Debris made it impossible to lower himself into the water off the port side of the ship. The only thing to do was to follow the ship around as within 12 minutes it capsized.
Then the Japanese pilots started strafing the survivors with machine gun fire, Meyer said.
“The projectiles hit the bottom of the ship and made such a racket I knew I had to get the hell out of there,” he said. “So I started sliding down. I looked up behind me and there was this big old chief electrician who looked like he weighed 300 pounds crashing down. I had to swim like hell to get out of the way.”
Meyer swam to nearby Ford Island and took cover in an open trench. Between bombings he and others would sneak between the buildings to see what was happening on Battleship Row.
“We just watched the world war from there,” Meyer said.
Fifty-eight of Meyer’s comrades did not survive to tell their tale. An incident later brought the magnitude of the disaster into focus. Meyer had caught some shrapnel in a finger and went looking for medical help.
“The nurse ran me off,” Meyer said. “She said guys with their arms missing and all blackened from being burned and you were worried about one finger. Later I thought about it and she was right. I shouldn’t have been there for just a little bleeding finger.”
Meyer’s next ship proved to be far luckier.
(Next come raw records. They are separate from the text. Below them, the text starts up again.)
(* Let $T\in\mathcal{L}(\mathcal{H})$ be an SD operator. Then for every integer $n\ge1$, $T$ is $n$-EP if and only if $T$ is $n$-normal.
   Context: $\mathcal{H}$ is a Hilbert space, $\mathcal{L}(\mathcal{H})$ the bounded operators on it. For $T$ with closed range, $T^\dagger$ is its Moore–Penrose inverse (unique solution of $TT^\dagger T=T$, $T^\dagger TT^\dagger=T^\dagger$, $(T^\dagger T)^*=T^\dagger T$, $(TT^\dagger)^*=TT^\dagger$). $T$ is SD if it has closed range and $T^*T^\dagger=T^\dagger T^*$. $T$ is $n$-EP if it has closed range and $T^nT^\dagger=T^\dagger T^n$. $T$ is $n$-normal if $T^nT^*=T^*T^n$. *)

theory Defs
  imports "HOL-Analysis.Analysis"
begin

text \<open>Complex Hilbert spaces: a Banach space (over the reals) with a compatible complex
  scalar multiplication and a complex inner product (linear in the second argument,
  conjugate-linear in the first) inducing the norm.\<close>

class chilbert = banach +
  fixes scaleC :: "complex \<Rightarrow> 'a \<Rightarrow> 'a"
    and cinner :: "'a \<Rightarrow> 'a \<Rightarrow> complex"
  assumes scaleC_add_right: "scaleC c (x + y) = scaleC c x + scaleC c y"
    and scaleC_add_left: "scaleC (c + d) x = scaleC c x + scaleC d x"
    and scaleC_scaleC: "scaleC c (scaleC d x) = scaleC (c * d) x"
    and scaleC_one: "scaleC 1 x = x"
    and scaleC_of_real: "scaleC (complex_of_real r) x = scaleR r x"
    and cinner_commute: "cinner x y = cnj (cinner y x)"
    and cinner_add_right: "cinner x (y + z) = cinner x y + cinner x z"
    and cinner_scaleC_right: "cinner x (scaleC c y) = c * cinner x y"
    and cinner_self_nonneg: "0 \<le> Re (cinner x x)"
    and norm_cinner: "norm x = sqrt (Re (cinner x x))"

definition bounded_clin :: "('a::chilbert \<Rightarrow> 'a) \<Rightarrow> bool" where
  "bounded_clin T \<longleftrightarrow> bounded_linear T \<and> (\<forall>c x. T (scaleC c x) = scaleC c (T x))"

definition adj :: "('a::chilbert \<Rightarrow> 'a) \<Rightarrow> ('a \<Rightarrow> 'a)" where
  "adj T = (THE S. bounded_clin S \<and> (\<forall>x y. cinner (T x) y = cinner x (S y)))"

text \<open>Moore--Penrose inverse (meaningful for bounded operators with closed range).\<close>
definition mp_inv :: "('a::chilbert \<Rightarrow> 'a) \<Rightarrow> ('a \<Rightarrow> 'a)" where
  "mp_inv T = (THE S. bounded_clin S \<and> T \<circ> S \<circ> T = T \<and> S \<circ> T \<circ> S = S
      \<and> adj (S \<circ> T) = S \<circ> T \<and> adj (T \<circ> S) = T \<circ> S)"

definition SD :: "('a::chilbert \<Rightarrow> 'a) \<Rightarrow> bool" where
  "SD T \<longleftrightarrow> closed (range T) \<and> adj T \<circ> mp_inv T = mp_inv T \<circ> adj T"

definition n_EP :: "nat \<Rightarrow> ('a::chilbert \<Rightarrow> 'a) \<Rightarrow> bool" where
  "n_EP n T \<longleftrightarrow> closed (range T) \<and> (T ^^ n) \<circ> mp_inv T = mp_inv T \<circ> (T ^^ n)"

definition n_normal :: "nat \<Rightarrow> ('a::chilbert \<Rightarrow> 'a) \<Rightarrow> bool" where
  "n_normal n T \<longleftrightarrow> (T ^^ n) \<circ> adj T = adj T \<circ> (T ^^ n)"

end

theory Submission
  imports Defs
begin

(* Write A for T, A* for its adjoint and A+ for its Moore-Penrose inverse. Taking adjoints of
   the Penrose equations gives (A+)* A* = A A+ and A* (A+)* = A+ A, and taking adjoints of the SD
   identity A* A+ = A+ A* shows that (A+)* commutes with A. Hence, for every k,
     A A* A^k (A A+) = A A* A^k (A+)* A* = A A* (A+)* A^k A* = A A+ A^(k+1) A* = A^(k+1) A*.
   If A^n commutes with A+ and n >= 1, then A^n A A+ = A A+ A^n = A^n, so A A* A^n = A^(n+1) A*;
   multiplying by A+ on the left and using A+ A A* = A* and A+ A^n = A^n A+ gives A* A^n = A^n A*.
   Conversely, if A^n commutes with A*, the factorisations A+ = A* (A+)* A+ = A+ (A+)* A* show
   that A^n A+ and A+ A^n both equal A+ A^(n+1) A+.
   The algebra needs A* and a bounded A+ to exist: A* comes from the Riesz representation theorem,
   and A+ from the projection theorem together with the bounded inverse theorem on the closed
   range of A, which rests on the Baire category theorem. *)

section \<open>Complex inner product\<close>

lemma cinner_add_left: "cinner (x + y) z = cinner x z + cinner y z"
  by (metis cinner_add_right cinner_commute complex_cnj_add)

lemma cinner_scaleC_left: "cinner (scaleC c x) y = cnj c * cinner x y"
  by (metis cinner_commute cinner_scaleC_right complex_cnj_mult)

lemma cinner_zero_right [simp]: "cinner x 0 = 0"
  using cinner_add_right[of x 0 0] by simp

lemma cinner_zero_left [simp]: "cinner 0 x = 0"
  using cinner_add_left[of 0 0 x] by simp

lemma cinner_diff_right: "cinner x (y - z) = cinner x y - cinner x z"
  by (metis cinner_add_right diff_add_cancel eq_diff_eq)

lemma cinner_diff_left: "cinner (x - y) z = cinner x z - cinner y z"
  by (metis cinner_add_left diff_add_cancel eq_diff_eq)

lemma cinner_scaleR_left: "cinner (scaleR r x) y = of_real r * cinner x y"
  by (simp add: scaleC_of_real[symmetric] cinner_scaleC_left)

lemma cinner_scaleR_right: "cinner x (scaleR r y) = of_real r * cinner x y"
  by (simp add: scaleC_of_real[symmetric] cinner_scaleC_right)

lemma cinner_self: "cinner x x = of_real ((norm x)\<^sup>2)"
proof -
  have "Im (cinner x x) = 0"
    using arg_cong[OF cinner_commute[of x x], of Im] by simp
  then show ?thesis
    by (simp add: complex_eq_iff norm_cinner cinner_self_nonneg)
qed

lemma Re_cinner_self: "Re (cinner x x) = (norm x)\<^sup>2"
  by (simp add: cinner_self)

lemma cinner_self_eq_0 [simp]: "cinner x x = 0 \<longleftrightarrow> x = 0"
  by (simp add: cinner_self)

lemma Re_cinner_commute: "Re (cinner y x) = Re (cinner x y)"
  by (subst cinner_commute) simp

lemma cinner_eq_0_commute: "cinner x y = 0 \<longleftrightarrow> cinner y x = 0"
  by (metis cinner_commute complex_cnj_zero_iff)

lemma scaleC_zero_right [simp]: "scaleC c 0 = 0"
  using scaleC_add_right[of c 0 0] by simp

lemma scaleC_diff_right: "scaleC c (x - y) = scaleC c x - scaleC c y"
  by (metis scaleC_add_right diff_add_cancel eq_diff_eq)

lemma cinner_ext: "(\<And>x. cinner x u = cinner x v) \<Longrightarrow> u = v"
  by (metis cinner_diff_right cinner_self_eq_0 diff_eq_eq diff_self)

lemma norm_scaleC: "norm (scaleC c x) = cmod c * norm x"
proof -
  have "cinner (scaleC c x) (scaleC c x) = (c * cnj c) * cinner x x"
    by (simp add: cinner_scaleC_left cinner_scaleC_right mult_ac)
  then have "(norm (scaleC c x))\<^sup>2 = (cmod c * norm x)\<^sup>2"
    unfolding cinner_self complex_norm_square[symmetric] of_real_power[symmetric]
      of_real_mult[symmetric] of_real_eq_iff
    by (simp add: power_mult_distrib)
  then show ?thesis
    by (simp add: power2_eq_iff_nonneg)
qed

lemma norm_diff_scaleR_sq:
  "(norm (w - scaleR t k))\<^sup>2 = (norm w)\<^sup>2 - 2 * t * Re (cinner k w) + t\<^sup>2 * (norm k)\<^sup>2"
proof -
  have "cinner (w - scaleR t k) (w - scaleR t k) = cinner w w - of_real t * cinner w k
      - of_real t * cinner k w + of_real t * of_real t * cinner k k"
    by (simp add: cinner_diff_left cinner_diff_right cinner_scaleR_left cinner_scaleR_right
        algebra_simps)
  from arg_cong[OF this, of Re] show ?thesis
    by (simp add: Re_cinner_self Re_cinner_commute[of w k] power2_eq_square)
qed

lemma Re_cinner_le: "Re (cinner a b) \<le> norm a * norm b"
proof -
  have "0 \<le> (norm (scaleR (norm b) a - scaleR (norm a) b))\<^sup>2"
    by simp
  also have "\<dots> = 2 * (norm a)\<^sup>2 * (norm b)\<^sup>2 - 2 * norm a * norm b * Re (cinner a b)"
    by (simp only: norm_diff_scaleR_sq)
      (simp add: cinner_scaleR_right Re_cinner_commute[of b a] power2_eq_square)
  finally have "norm a * norm b * Re (cinner a b) \<le> norm a * norm b * (norm a * norm b)"
    by (simp add: power2_eq_square algebra_simps)
  then show ?thesis
    by (cases "norm a * norm b = 0") (auto simp: mult_le_cancel_left)
qed

lemma cinner_Cauchy_Schwarz: "cmod (cinner a b) \<le> norm a * norm b"
proof (cases "cinner a b = 0")
  case False
  define u where "u = cinner a b / of_real (cmod (cinner a b))"
  have "cnj u * cinner a b = of_real ((cmod (cinner a b))\<^sup>2) / of_real (cmod (cinner a b))"
    by (simp add: u_def complex_norm_square[symmetric] mult.commute del: of_real_power)
  then have "cmod (cinner a b) = Re (cinner (scaleC u a) b)"
    using False by (simp add: cinner_scaleC_left power2_eq_square)
  also have "\<dots> \<le> norm (scaleC u a) * norm b"
    by (rule Re_cinner_le)
  finally show ?thesis
    using False by (simp add: norm_scaleC u_def norm_divide)
qed simp

lemma parallelogram_law:
  fixes a b :: "'a::chilbert"
  shows "(norm (a + b))\<^sup>2 + (norm (a - b))\<^sup>2 = 2 * (norm a)\<^sup>2 + 2 * (norm b)\<^sup>2"
proof -
  have "cinner (a + b) (a + b) + cinner (a - b) (a - b) = 2 * cinner a a + 2 * cinner b b"
    by (simp add: cinner_add_left cinner_add_right cinner_diff_left cinner_diff_right
        algebra_simps)
  from arg_cong[OF this, of Re] show ?thesis
    by (simp add: Re_cinner_self)
qed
For three years and nine months he served aboard the USS Detroit. At Pearl the Japanese torpedoes missed the Detroit and she never took a hit during the war after that. And, the Detroit was sitting in Tokyo Bay when, aboard the USS Missouri, General Douglas MacArthur signed the peace treaty ending World War II.
“That was the best 18 seconds of my life,” Meyer said.
During the groundbreaking, Clouser said the mission of the VFW is to “foster camaraderie among United States veterans of overseas conflicts and to serve our veterans in our communities and to advocate for all veterans.”
Now that Lytle has its first ever VFW home the post will be able to “advance the ability to serve our veterans and our military in our community,” he said.
“The members of the Lytle VFW are excited for the future and look forward to the ability to serve veterans by giving them a safe place to come for assistance,” Clouser said.
The youngest servicemen in the 1941 attacks, who were 17 years old, would be turning 99 this year. It is unknown how many survivors are still here to share their stories with younger generations.